September is where the direction differs.  In years where the incumbent wins, the market has historically continued to rise from here.  However, the market started to move lower around this point when the incumbent loses.  Below is a chart from Ned Davis and T. Rose Price illustrating this trend.

This is just an interesting market stat to keep in mind as we head into the fall.  Still, there’s no telling what will happen in this unprecedented period where the Fed lurks in the background with their printing presses ready. 


Next Week

Next week looks to be a busy one, even though the markets are closed on Monday.  We will get several new economic reports for the month just ended.  Of the notable releases, there will be info on the strength of the manufacturing and service sectors, plus the all-important employment report. 

The week will also be a busy one for data from Europe.  There will be a meeting of the European Central Bank (or ECB, which is basically the European version of our Fed), where the bailouts will likely be the main topic.  Many are looking for new bond buying programs, similar to the actions taken by our Fed. 

However, not everyone is on board.  The German court will be ruling on the constitutionality of a bailout in the following week, so the ECB meeting will probably be unlikely to make any major announcements before that outcome is known. 


Investment Strategy


It is difficult to have strong convictions either way here as the unpredictable nature of the Fed’s central planning and the European debt responses have the most impact on the market.  The focus on the election should increase and as we see in the chart above, the market can take a very different path depending on the outcome. 

We still lean towards the cautious side, especially heading into September, which is historically the worst month for market performance.  Expectations of Fed (and ECB) stimulus have buoyed the markets to this point and will continue to hang on every word from these organizations.  Agility remains important.  

If we were to get a buying opportunity, we still like large cap higher-quality and dividend paying stocks.  Smaller and little-known stocks with low correlation to the market (and Europe) are also promising.  There is always the opportunity to find an undervalued individual stock at any time, as well. 

We like gold for the long term, as it will do well with debt problems, further bailouts, and stimulus programs.  The rise this week decreased our chances of adding to our position (and we aren’t looking to sell), but we would add if prices move much lower from here.   

We like other commodities for the long term but fear a slowdown in China and the other BRIC countries (Brazil, Russia, and India), will result in lower prices in the short term. 

Although Treasury bond yields have moved higher recently, they are still near historic lows (so prices are near historic highs).  A short position (bet on a decline in price) only provides a nice hedge here and we believe the potential for profit is low at this time. 

On the bond theme, we think TIPs are important as we still expect inflation to increase.

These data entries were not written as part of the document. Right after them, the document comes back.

lemma not_prev_occ_tail:
  assumes "p \<le> 10 * k + 5" "10 * k + 10 \<le> p + m"
  shows "\<not> prev_occ X p m"
proof
  assume "prev_occ X p m"
  then obtain j where j: "j < p" "p + m \<le> length X" and copy: "\<forall>r<m. X ! (j + r) = X ! (p + r)"
    using assms unfolding prev_occ_nth_iff by auto
  define t where "t = j + (10 * k + 5 - p)"
  have copy_tail: "X ! (t + r) = X ! (10 * k + 5 + r)" if "r < 5" for r
    using copy[rule_format, of "10 * k + 5 - p + r"] that assms unfolding t_def
    by (simp add: add.assoc)
  have "10 * k \<le> t + 1 \<and> t + 1 \<le> 10 * k + 6 \<and> even (t + 1)"
  proof (rule cpred_pattern_position)
    show "t + 2 < length X" using j block_end_le_length assms unfolding t_def by linarith
  qed (use copy_tail[of 0] copy_tail[of 1] copy_tail[of 2] nth_X_estr in \<open>simp_all add: add.assoc\<close>)
  moreover have "t < 10 * k + 5" using j assms unfolding t_def by linarith
  ultimately have "X ! (t + 4) = Sym (cpred cord v w)"
    using nth_X_estr[of "t + 4"] by auto
  moreover have "X ! (t + 4) = Sym w" using copy_tail[of 4] nth_X_estr_last by (simp add: add.commute)
  ultimately show False using cpred_neq[OF edge] by simp
qed

lemma copy_distance_two:
  assumes "j < p" "p \<le> 10 * k + 1" "10 * k + 4 \<le> p + m" "p + m \<le> length X"
    and copy: "\<forall>r<m. X ! (j + r) = X ! (p + r)"
  shows "j + 2 = p"
proof -
  define t where "t = j + (10 * k + 1 - p)"
  have copy_pattern: "X ! (t + r) = X ! (10 * k + 1 + r)" if "r < 3" for r
    using copy[rule_format, of "10 * k + 1 - p + r"] that assms(2,3) unfolding t_def
    by (simp add: add.assoc)
  have "10 * k \<le> t + 1 \<and> t + 1 \<le> 10 * k + 6 \<and> even (t + 1)"
  proof (rule cpred_pattern_position)
    show "t + 2 < length X" using assms unfolding t_def by linarith
  qed (use copy_pattern[of 0] copy_pattern[of 1] copy_pattern[of 2] nth_X_estr
      in \<open>simp_all add: add.assoc\<close>)
  moreover have "t < 10 * k + 1" using assms(1,2) unfolding t_def by linarith
  ultimately have "t + 1 = 10 * k" by presburger
  then show ?thesis using assms(2) unfolding t_def by arith
qed
lemma g13_gauge: "g13 1 0 0 1 0 0 W0 W1 = (\<lambda>(z1, z2, w). (z1, z2, w + W1 z1 * z2 + W0 z1))"
  by (simp add: g13_def)

lemma gauge_has_derivative:
  assumes "(W1 has_real_derivative d1) (at z1)" "(W0 has_real_derivative d0) (at z1)"
  shows "(g13 1 0 0 1 0 0 W0 W1 has_derivative
      (\<lambda>(u1, u2, v). (u1, u2, v + (d1 * z2 + d0) * u1 + W1 z1 * u2))) (at (z1, z2, w))"
proof -
  have W1: "(W1 has_derivative (\<lambda>t. d1 * t)) (at (fst (z1, z2, w)))"
    and W0: "(W0 has_derivative (\<lambda>t. d0 * t)) (at (fst (z1, z2, w)))"
    using assms by (simp_all add: has_field_derivative_def)
  show ?thesis
    unfolding g13_gauge split_beta'
    by (rule derivative_eq_intros has_derivative_compose[of fst, OF _ W1]
        has_derivative_compose[of fst, OF _ W0] | simp)+
       (auto simp: fun_eq_iff algebra_simps)
qed
lemma mat_span_subset_centralizer:
  assumes m: "m \<subseteq> carrier_mat N N" and P: "P \<subseteq> centralizer N m"
  shows "mat_span N P \<subseteq> centralizer N m"
proof
  fix p assume "p \<in> mat_span N P"
  then show "p \<in> centralizer N m"
  proof (induction rule: mat_span.induct)
    case zero
    show ?case
      using m unfolding centralizer_def by (auto simp: left_mult_zero_mat right_mult_zero_mat)
  next
    case (step x y c)
    then have "x \<in> centralizer N m" using P by auto
    with step.IH m show ?case
      unfolding centralizer_def by (auto simp: mat_dim_simps)
  qed
qed

lemma subset_unitalize:
  assumes "m \<subseteq> carrier_mat N N"
  shows "m \<subseteq> unitalize N m"
proof
  fix x assume x: "x \<in> m"
  then have "x \<in> carrier_mat N N" using assms by auto
  then have "x = 0 \<cdot>\<^sub>m 1\<^sub>m N + x" by (intro eq_matI) auto
  with x show "x \<in> unitalize N m" unfolding unitalize_def by blast
qed

lemma centralizer_subset_centralizer_unitalize:
  assumes "m \<subseteq> carrier_mat N N"
  shows "centralizer N m \<subseteq> centralizer N (unitalize N m)"
proof
  fix p assume "p \<in> centralizer N m"
  then have p: "p \<in> carrier_mat N N" and comm: "\<And>x. x \<in> m \<Longrightarrow> p * x = x * p"
    unfolding centralizer_def by auto
  have "p * a = a * p" if "a \<in> unitalize N m" for a
  proof -
    obtain c x where a: "a = c \<cdot>\<^sub>m 1\<^sub>m N + x" and x: "x \<in> m"
      using \<open>a \<in> unitalize N m\<close> unfolding unitalize_def by blast
    have "x \<in> carrier_mat N N" using assms x by auto
    then have "p * a = c \<cdot>\<^sub>m p + p * x" and "a * p = c \<cdot>\<^sub>m p + x * p"
      using p by (simp_all add: a mat_dim_simps)
    then show ?thesis using comm[OF x] by simp
  qed
  with p show "p \<in> centralizer N (unitalize N m)" unfolding centralizer_def by blast
qed
(* Let $R,S$ be finite nonempty sets, $k$ a positive integer, $p_r>0$ ($r\in R$), $T=\sum_{r\in R}p_r$, $d_{r,s}\ge0$, and $\kappa<0$. Let $F$ be the set of $(\mathbf x,\mathbf y)$ with $x_s,y_{r,s}\in\{0,1\}$, $\sum_{s\in S}x_s=k$, $y_{r,s}\le x_s$, and $\sum_{s\in S}y_{r,s}=1$ for all $r$. For $\mathbf y$ let $\overline{\mathcal K}(\mathbf y)=\sum_{r,s}p_ry_{r,s}e^{-\kappa d_{r,s}}$ and $\mathcal K(\mathbf y)=-\frac1\kappa\ln\left(\frac1T\overline{\mathcal K}(\mathbf y)\right)$. Let $U\subseteq S$, $c_s\ge0$ for $s\in U$, $\sigma(\mathbf x)=\sum_{s\in U}c_sx_s$, $\sigma^{max}=\max_{(\mathbf x,\mathbf y)\in F}\sigma(\mathbf x)$. Let $(\mathbf x^{all},\mathbf y^{all})$ be optimal for $\min\{\overline{\mathcal K}(\mathbf y):(\mathbf x,\mathbf y)\in F\}$, $\mathcal K^{all}=\mathcal K(\mathbf y^{all})$, $\sigma^{all}=\sigma(\mathbf x^{all})$. Set $\hat{\mathcal K}=\mathcal K^{all}$ and let $(\mathbf x^*,\mathbf y^*,v^*,q^* )$ be optimal for \[ \text{(KPL}^p)\quad \min\ \overline{\mathcal K}(\mathbf y)+Te^{-\kappa\hat{\mathcal K}}(v-1)\ \text{ s.t. } (\mathbf x,\mathbf y)\in F,\ v\ge e^{q},\ q=-\kappa\,\sigma(\mathbf x), \] with $\sigma^*=\sigma(\mathbf x^* )$, $q^*=-\kappa\sigma^*$, $\mathcal K^*=\mathcal K(\mathbf y^* )$. Let $w\in(0,1)$, $\beta_i=iw$ for $i=0,\dots,n$ with $nw>-\kappa\sigma^{max}$, and $g(q)=\max_{0\le i\le n}\left(e^{\beta_i}+e^{\beta_i}(q-\beta_i)\right)$ (the tangent-line approximation of $e^q$ in the linearized model (KPL$^t$)). Define $\ddot\sigma$ by \[ \mathcal K^*+\ddot\sigma=-\tfrac1\kappa\ln\left(\tfrac1T\left(\overline{\mathcal K}(\mathbf y^* )+Te^{-\kappa\hat{\mathcal K}}\left(g(q^* )-1\right)\right)\right), \] and let $A(w):=e^{\frac{we^w}{e^w-1}-1}-\frac{we^w}{e^w-1}$. Then the penalized locations are under-penalized and \[ 0\le\sigma^*-\ddot\sigma\le\sigma^{all}\left(1-e^{\kappa\sigma^*}\right)+\frac1\kappa\ln\left(1-A(w)\right). \] If, in addition, $c_s=c$ for all $s\in U$ and $w=-\kappa c$, then \[ 0\le\sigma^*-\ddot\sigma\le\sigma^{all}\left(1-e^{\kappa\sigma^*}\right). \]
   Context: $U$ is a set of less desirable potential facility locations with distance penalties $c_s$; $\sigma^*$ is the intended penalty of the optimal solution of the penalized Kolm–Pollak model and $\ddot\sigma$ the penalty actually applied to the optimal Kolm–Pollak score by the linearized penalized model, which uses the approximation $\hat{\mathcal K}=\mathcal K^{all}$ of the optimal unpenalized score. *)

theory Defs
  imports Complex_Main
begin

Municipal bonds also work and there are some nice yielding bonds out there now (try to avoid muni funds and buy the actual bond if possible), though our concern has increased as the pace of distressed municipalities is increasing.  Additionally, higher taxes from the health care law will increase the attractiveness of these bonds in the future. 

Finally, in international stocks, we favor developed international markets as opposed to emerging.

These day-to-day and week-to-week fluctuations have little impact on positions we intend to hold for several years or longer.  Our short and medium term investments are the only positions affected by these daily and weekly fluctuations. 


This commentary is for informational purposes and is not investment advice, an indicator of future performance, a solicitation, an offer to buy or sell, or a recommendation for any security. It should not be used as a primary basis for making investment decisions. Consider your own financial circumstances and goals carefully before investing. Past performance cannot guarantee results.